The Five Crosses (in French, Les Cinq Croix) are a set of stone crosses at Ploubezre, near Lannion, Côtes-du-Nord, in Brittany, France, classified as a historic monument by a decree of 7 December 1925 and, as a group, attributed to the 18th century.

The central cross is placed on a tall pillar and has a figure of Christ on one side and of Mary the mother of Jesus on the other. The other crosses are plain except for that immediately to the right of the central cross, which bears the date 1728. The base of another is inscribed with the date 1733.

Differing accounts attribute the central cross to the 15th or 16th century and consider the others to be medieval, while local lore has it that they were erected to commemorate a victory over English invaders. It is also said that they were assembled from various nearby places by the rector of the church to preserve them from destruction or on the occasion of a religious mission, perhaps in 1728 or 1733.

The 1826 land survey shows that at that time the crosses stood, with a different orientation, along the road at about 25 metres from their present position.

== Interpretation by E. W. Bullinger ==

Groups of crosses are found also in other parts of Brittany gathered together for reasons that are now difficult to explain.
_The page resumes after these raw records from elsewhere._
lemma norm_matrix_mult_le: "norm (A ** B) \<le> norm A * norm (B :: real^'n^'m)"
proof (rule power2_le_imp_le)
  let ?b = "\<lambda>j. transpose B $ j"
  have "(norm (A ** B))\<^sup>2 = (\<Sum>i\<in>UNIV. \<Sum>j\<in>UNIV. (inner (A $ i) (?b j))\<^sup>2)"
    unfolding power2_norm_eq_inner
    by (simp add: inner_vec_def matrix_matrix_mult_def transpose_def power2_eq_square)
  also have "\<dots> \<le> (\<Sum>i\<in>UNIV. \<Sum>j\<in>UNIV. (norm (A $ i))\<^sup>2 * (norm (?b j))\<^sup>2)"
    by (intro sum_mono) (metis Cauchy_Schwarz_ineq power_mult_distrib power2_norm_eq_inner)
  also have "\<dots> = (\<Sum>i\<in>UNIV. (norm (A $ i))\<^sup>2) * (\<Sum>j\<in>UNIV. (norm (?b j))\<^sup>2)"
    by (rule sum_product[symmetric])
  also have "\<dots> = (norm A * norm B)\<^sup>2"
    by (simp add: power_mult_distrib power2_norm_eq_inner inner_vec_def flip: norm_transpose[of B])
  finally show "(norm (A ** B))\<^sup>2 \<le> (norm A * norm B)\<^sup>2" .
qed simp

lemma inner_add_right_ge: "- (norm b)\<^sup>2 / 4 \<le> inner a (a + b)"
  for a b :: "'a::real_inner"
proof -
  have "inner a (a + b) = (norm (a + (1/2) *\<^sub>R b))\<^sup>2 - (norm b)\<^sup>2 / 4"
    by (simp add: power2_norm_eq_inner inner_add_left inner_add_right inner_commute[of b a]
        field_simps)
  then show ?thesis by simp
qed

lemma matrix_inv_eqI:
  fixes P :: "'a::field^'n^'n"
  assumes PQ: "P ** Q = mat 1"
  shows "invertible P" and "matrix_inv P = Q"
proof -
  have QP: "Q ** P = mat 1" using PQ by (rule matrix_left_right_inverse1)
  then show "invertible P" using PQ unfolding invertible_def by blast
  have "P ** matrix_inv P = mat 1"
    unfolding matrix_inv_def by (rule someI2[of _ Q]) (use PQ QP in auto)
  then have "Q ** (P ** matrix_inv P) = Q" by simp
  then show "matrix_inv P = Q" by (simp add: matrix_mul_assoc QP)
qed
(* Define $G(k,T)=v(k,T)-\min_{a\in\{0,1,\dots,k\}}[v(k-a,T)+F(a)]$. Then for every $T\ge0$, the map $k\mapsto G(k,T)$ is non-decreasing.
   Context: Let $\lambda>0$ and let $N$ be a Poisson process with intensity $\lambda$, arrival times $0<\sigma_1<\sigma_2<\cdots$, and natural filtration $\mathcal F_t=\sigma(N_s:s\le t)$. Let $F:[0,\infty)\to[0,\infty)$ be strictly increasing and strictly convex with $F(0)=0$. For $k\in\{0,1,\dots\}$ let $\mathcal A_k$ be the set of $(\mathcal F_t)$-adapted, integer-valued, nonnegative, non-increasing processes $\xi$ with $\xi_0=k$ whose values change only at arrival times of $N$, and $v(k,T)=\inf_{\xi\in\mathcal A_k}\mathbb E[\sum_{i:\sigma_i\le T}F(\xi_{\sigma_i-}-\xi_{\sigma_i})+F(\xi_T)]$ (so $v(0,T)=0$). *)

theory Defs
  imports "HOL-Probability.Probability"
begin

definition strictly_convex_on :: "real set \<Rightarrow> (real \<Rightarrow> real) \<Rightarrow> bool" where
  "strictly_convex_on S f \<longleftrightarrow> (\<forall>x\<in>S. \<forall>y\<in>S. x \<noteq> y \<longrightarrow> (\<forall>u::real. 0 < u \<and> u < 1 \<longrightarrow>
      f (u * x + (1 - u) * y) < u * f x + (1 - u) * f y))"

text \<open>A Poisson process of intensity lam on the probability space M, given through its
  interarrival times tau 0, tau 1, ...: they are independent and exponentially
  distributed with rate lam.\<close>
definition poisson_interarrivals :: "'w measure \<Rightarrow> real \<Rightarrow> (nat \<Rightarrow> 'w \<Rightarrow> real) \<Rightarrow> bool" where
  "poisson_interarrivals M lam tau \<longleftrightarrow>
     prob_space M \<and> 0 < lam \<and>
     prob_space.indep_vars M (\<lambda>_. borel) tau UNIV \<and>
     (\<forall>i. distributed M lborel (tau i) (exponential_density lam))"

definition arrival :: "(nat \<Rightarrow> 'w \<Rightarrow> real) \<Rightarrow> nat \<Rightarrow> 'w \<Rightarrow> real" where
  "arrival tau i w = (\<Sum>j<i. tau j w)"

definition counting :: "(nat \<Rightarrow> 'w \<Rightarrow> real) \<Rightarrow> real \<Rightarrow> 'w \<Rightarrow> nat" where
  "counting tau t w = card {i. 1 \<le> i \<and> arrival tau i w \<le> t}"

definition nat_filtration :: "'w measure \<Rightarrow> (nat \<Rightarrow> 'w \<Rightarrow> real) \<Rightarrow> real \<Rightarrow> 'w measure" where
  "nat_filtration M tau t = sigma (space M)
     (\<Union>s\<in>{0..t}. {counting tau s -` A \<inter> space M | A. True})"

text \<open>Admissible strategies A_k: adapted, nat-valued (so integer and nonnegative),
  non-increasing, starting at k, and changing only at arrival times.\<close>
definition admissible :: "'w measure \<Rightarrow> (nat \<Rightarrow> 'w \<Rightarrow> real) \<Rightarrow> nat \<Rightarrow> (real \<Rightarrow> 'w \<Rightarrow> nat) set" where
  "admissible M tau k = {\<xi>.
     (\<forall>t\<ge>0. \<xi> t \<in> measurable (nat_filtration M tau t) (count_space UNIV)) \<and>
     (\<forall>w\<in>space M. \<xi> 0 w = k) \<and>
     (\<forall>w\<in>space M. \<forall>s t. 0 \<le> s \<and> s \<le> t \<longrightarrow> \<xi> t w \<le> \<xi> s w) \<and>
     (\<forall>w\<in>space M. \<forall>s t. 0 \<le> s \<and> s \<le> t \<and>
        (\<forall>i\<ge>1. \<not> (s < arrival tau i w \<and> arrival tau i w \<le> t)) \<longrightarrow> \<xi> s w = \<xi> t w)}"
Examples are a pair in front of a chapel at Croaziou and three at Pont Hir.

However, the English theologian E. W. Bullinger (1837–1913) attached special significance to the group of five at Ploubezre, claiming that it was a confirmation of his theory that Jesus was crucified with four, not just two, criminals: two thieves and two other malefactors.

== Another Cinq Croix ==

Outside of Brittany, another French Cinq Croix (Five Crosses) exists, reputedly a monument to five brothers killed in the 11th century in battle against William the Conqueror. Unlike those at Ploubezre, these five crosses are not placed side by side. The monument is at the intersection of route D933 (Route de Houdan) and D136 north toward Marchefroy.